▶ _What needs to be done_
Your answer must hold only the lines below from the line containing "by (smt (verit) mult_strict_left_mono)" through the line containing "case (insert S B)", each reproduced exactly.

▶ _Source records_
(* Let $B$ be a finite set of closed, bounded line segments in $\mathbb{R}^2$ and let $R(B)=\{p\in\mathbb{R}^2: \text{every line through } p \text{ intersects } B\}$. If a maximal region of $R(B)$ is a line segment, then that line segment is contained in $B$ (i.e., in the union of the segments of $B$).
   Context: A region is a bounded, closed, connected subset of $\mathbb{R}^2$. For a set $P\subseteq\mathbb{R}^2$, a maximal region of $P$ is a region $R$ such that for every point $p\in R$ there is an open ball $A$ centered at $p$ with $A\cap R = A\cap P$. A line intersects $B$ if it meets at least one segment of $B$. *)

theory Defs
  imports "HOL-Analysis.Analysis"
begin

definition line_dir :: "real^2 \<Rightarrow> real^2 \<Rightarrow> (real^2) set" where
  "line_dir p d = {p + t *\<^sub>R d | t. True}"

definition is_segment :: "(real^2) set \<Rightarrow> bool" where
  "is_segment S \<longleftrightarrow> (\<exists>a b. S = closed_segment a b)"

definition line_meets :: "(real^2) set \<Rightarrow> (real^2) set set \<Rightarrow> bool" where
  "line_meets L B \<longleftrightarrow> (\<exists>S\<in>B. L \<inter> S \<noteq> {})"

definition RB :: "(real^2) set set \<Rightarrow> (real^2) set" where
  "RB B = {p. \<forall>d. d \<noteq> 0 \<longrightarrow> line_meets (line_dir p d) B}"

definition region :: "(real^2) set \<Rightarrow> bool" where
  "region R \<longleftrightarrow> bounded R \<and> closed R \<and> connected R"

definition maximal_region :: "(real^2) set \<Rightarrow> (real^2) set \<Rightarrow> bool" where
  "maximal_region P R \<longleftrightarrow> region R \<and>
     (\<forall>p\<in>R. \<exists>e>0. ball p e \<inter> R = ball p e \<inter> P)"

end

theory Submission
  imports Defs
begin

text \<open>
  Suppose a point of the maximal region R = [a,b] lies off the union of B. Since this union is
  closed, there is such a point p in the open segment, and near p the set R(B) is exactly the
  line \<ell> through a and b. Take coordinates with origin p and \<ell> as horizontal axis. The points
  at height h and -h above p lie outside R(B), so some lines through them miss B; they are not
  vertical (the vertical line through p meets B), and since they cannot cross \<ell> near p their
  slopes are O(h). On the other hand the line through p whose slope is the average of the two
  meets some segment S of B. An affine function that has a constant sign on both endpoints for
  each of the two missing lines but changes sign for their average must take opposite signs,
  so every endpoint of S lies between the two missing lines, i.e. within O(h) of \<ell>. For h small
  compared with the finitely many endpoints off \<ell> this forces S \<subseteq> \<ell>, and then the
  averaged line, whose slope can be made nonzero, meets S only at p: a contradiction.
\<close>

definition perp :: "real^2 \<Rightarrow> real^2" where
  "perp u = vector [- (u$2), u$1]"

lemma inner_perp [simp]: "u \<bullet> perp u = 0" "perp u \<bullet> u = 0" "perp u \<bullet> perp u = u \<bullet> u"
  by (simp_all add: perp_def inner_vec_def sum_2 vector_2 algebra_simps)

lemma perp_decomposition: "(u \<bullet> u) *\<^sub>R v = (v \<bullet> u) *\<^sub>R u + (v \<bullet> perp u) *\<^sub>R perp u"
  by (simp add: perp_def vec_eq_iff forall_2 inner_vec_def sum_2 vector_2 algebra_simps)

lemma affine_zero_on_segment_iff:
  fixes f :: "'a::real_vector \<Rightarrow> real"
  assumes affine: "\<And>t. f ((1 - t) *\<^sub>R x + t *\<^sub>R y) = (1 - t) * f x + t * f y"
  shows "(\<exists>w\<in>closed_segment x y. f w = 0) \<longleftrightarrow> f x * f y \<le> 0"
proof
  assume "\<exists>w\<in>closed_segment x y. f w = 0"
  then obtain t where "0 \<le> t" "t \<le> 1" "(1 - t) * f x + t * f y = 0"
    using affine by (auto simp: in_segment)
  then show "f x * f y \<le> 0"
    by (smt (verit, best) mult_eq_0_iff zero_le_mult_iff)
next
  assume sign: "f x * f y \<le> 0"
  show "\<exists>w\<in>closed_segment x y. f w = 0"
  proof (cases "f x = f y")
    case True
    then show ?thesis using sign by (intro bexI[of _ x]) (auto simp: mult_le_0_iff)
  next
    case False
    define t where "t = f x / (f x - f y)"
    have d: "f x - f y \<noteq> 0" using False by simp
    have "0 \<le> t \<and> t \<le> 1"
      using sign d unfolding t_def
      by (auto simp: mult_le_0_iff divide_simps split: if_splits)
    moreover have "(1 - t) * f x + t * f y = 0"
      using d unfolding t_def by (simp add: field_simps)
    ultimately show ?thesis using affine
      by (intro bexI[of _ "(1 - t) *\<^sub>R x + t *\<^sub>R y"]) (auto simp: in_segment)
  qed
qed

lemma sign_change_of_sum:
  fixes a1 a2 b1 b2 :: real
  assumes "a1 * a2 > 0" "b1 * b2 > 0" "(a1 + b1) * (a2 + b2) \<le> 0"
  shows "a1 * b1 < 0"
  using assms by (auto simp: zero_less_mult_iff mult_le_0_iff mult_less_0_iff)

lemma between_lines_bound:
  fixes x y h b1 b2 \<tau> :: real
  assumes between: "(y - (h + b1 * x)) * (y - (- h + b2 * x)) < 0"
    and "\<tau> * \<bar>b1\<bar> \<le> h" "\<tau> * \<bar>b2\<bar> \<le> h" "\<tau> > 0"
  shows "\<tau> * \<bar>y\<bar> < h * (\<tau> + \<bar>x\<bar>)"
proof -
  have line_bound: "\<tau> * \<bar>s + b * x\<bar> \<le> h * (\<tau> + \<bar>x\<bar>)" if "\<tau> * \<bar>b\<bar> \<le> h" "\<bar>s\<bar> = h" for s b
  proof -
    have "\<tau> * \<bar>s + b * x\<bar> \<le> \<tau> * \<bar>s\<bar> + (\<tau> * \<bar>b\<bar>) * \<bar>x\<bar>"
      using mult_left_mono[OF abs_triangle_ineq[of s "b * x"], of \<tau>] \<open>\<tau> > 0\<close>
      by (simp add: abs_mult algebra_simps)
    also have "\<dots> \<le> h * (\<tau> + \<bar>x\<bar>)"
      using that mult_right_mono[OF that(1) abs_ge_zero[of x]] by (simp add: algebra_simps)
    finally show ?thesis .
  qed
  have "h \<ge> 0"
    using assms(2,4) by (smt (verit) abs_ge_zero mult_nonneg_nonneg)
  have "\<bar>y\<bar> < \<bar>h + b1 * x\<bar> \<or> \<bar>y\<bar> < \<bar>- h + b2 * x\<bar>"
    using between by (auto simp: mult_less_0_iff)
  then show ?thesis
    using line_bound[OF assms(2), of h] line_bound[OF assms(3), of "- h"] \<open>h \<ge> 0\<close> \<open>\<tau> > 0\<close>
    by (smt (verit) mult_strict_left_mono)
qed

lemma exists_other_point_of_open:
  fixes A :: "real set"
  assumes "open A" "x \<in> A"
  shows "\<exists>y\<in>A. y \<noteq> c"
proof (rule ccontr)
  assume "\<not> ?thesis"
  then have "A = {c}" using assms(2) by fastforce
  then show False using assms(1) not_open_singleton by metis
qed

lemma finite_segment_endpoints:
  assumes "finite B" "\<forall>S\<in>B. is_segment S"
  shows "\<exists>E. finite E \<and> (\<forall>S\<in>B. \<exists>x\<in>E. \<exists>y\<in>E. S = closed_segment x y)"
  using assms
proof (induction B rule: finite_induct)
  case (insert S B)
  then obtain E x y where "finite E" "\<forall>S\<in>B. \<exists>x\<in>E. \<exists>y\<in>E. S = closed_segment x y"
    and "S = closed_segment x y"
    by (auto simp: is_segment_def)
  have "\<forall>S'\<in>insert S B. \<exists>x'\<in>insert x (insert y E). \<exists>y'\<in>insert x (insert y E).
      S' = closed_segment x' y'"
  proof
    fix S' assume "S' \<in> insert S B"
    then consider "S' = S" | "S' \<in> B" by blast
    then show "\<exists>x'\<in>insert x (insert y E). \<exists>y'\<in>insert x (insert y E). S' = closed_segment x' y'"
    proof cases
      case 1
      then show ?thesis
        using \<open>S = closed_segment x y\<close> by (intro bexI[of _ x] bexI[of _ y]) simp_all
    next
      case 2
      then obtain x' y' where "x' \<in> E" "y' \<in> E" "S' = closed_segment x' y'"
        using \<open>\<forall>S\<in>B. \<exists>x\<in>E. \<exists>y\<in>E. S = closed_segment x y\<close> by blast
      then show ?thesis
        by (intro bexI[of _ x'] bexI[of _ y']) simp_all
    qed
  qed
  then show ?case
    using \<open>finite E\<close> by (intro exI[of _ "insert x (insert y E)"]) simp
qed auto

locale plane_frame =
  fixes p u :: "real^2"
  assumes u_nonzero: "u \<noteq> 0"
begin

text \<open>Coordinates with origin p along u and perp u, scaled by u \<bullet> u so that no division
  occurs.\<close>

definition X :: "real^2 \<Rightarrow> real" where
  "X v = (v - p) \<bullet> u"

definition Y :: "real^2 \<Rightarrow> real" where
  "Y v = (v - p) \<bullet> perp u"

lemma inner_self_u_pos: "u \<bullet> u > 0"
  using u_nonzero by simp

lemma X_add [simp]: "X (v + w) = X v + w \<bullet> u"
  and Y_add [simp]: "Y (v + w) = Y v + w \<bullet> perp u"
  and X_diff [simp]: "X (v - w) = X v - w \<bullet> u"
  and Y_diff [simp]: "Y (v - w) = Y v - w \<bullet> perp u"
  by (simp_all add: X_def Y_def inner_simps)

lemma X_origin [simp]: "X p = 0" and Y_origin [simp]: "Y p = 0"
  by (simp_all add: X_def Y_def)

lemma X_affine: "X ((1 - t) *\<^sub>R x + t *\<^sub>R y) = (1 - t) * X x + t * X y"
  and Y_affine: "Y ((1 - t) *\<^sub>R x + t *\<^sub>R y) = (1 - t) * Y x + t * Y y"
proof -
  have "(1 - t) *\<^sub>R x + t *\<^sub>R y - p = (1 - t) *\<^sub>R (x - p) + t *\<^sub>R (y - p)"
    by (simp add: algebra_simps)
  then show "X ((1 - t) *\<^sub>R x + t *\<^sub>R y) = (1 - t) * X x + t * X y"
    and "Y ((1 - t) *\<^sub>R x + t *\<^sub>R y) = (1 - t) * Y x + t * Y y"
    by (simp_all only: X_def Y_def inner_add_left inner_scaleR_left)
qed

▶ _Response for this exercise_
    by (smt (verit) mult_strict_left_mono)
qed

lemma exists_other_point_of_open:
  fixes A :: "real set"
  assumes "open A" "x \<in> A"
  shows "\<exists>y\<in>A. y \<noteq> c"
proof (rule ccontr)
  assume "\<not> ?thesis"
  then have "A = {c}" using assms(2) by fastforce
  then show False using assms(1) not_open_singleton by metis
qed

lemma finite_segment_endpoints:
  assumes "finite B" "\<forall>S\<in>B. is_segment S"
  shows "\<exists>E. finite E \<and> (\<forall>S\<in>B. \<exists>x\<in>E. \<exists>y\<in>E. S = closed_segment x y)"
  using assms
proof (induction B rule: finite_induct)
  case (insert S B)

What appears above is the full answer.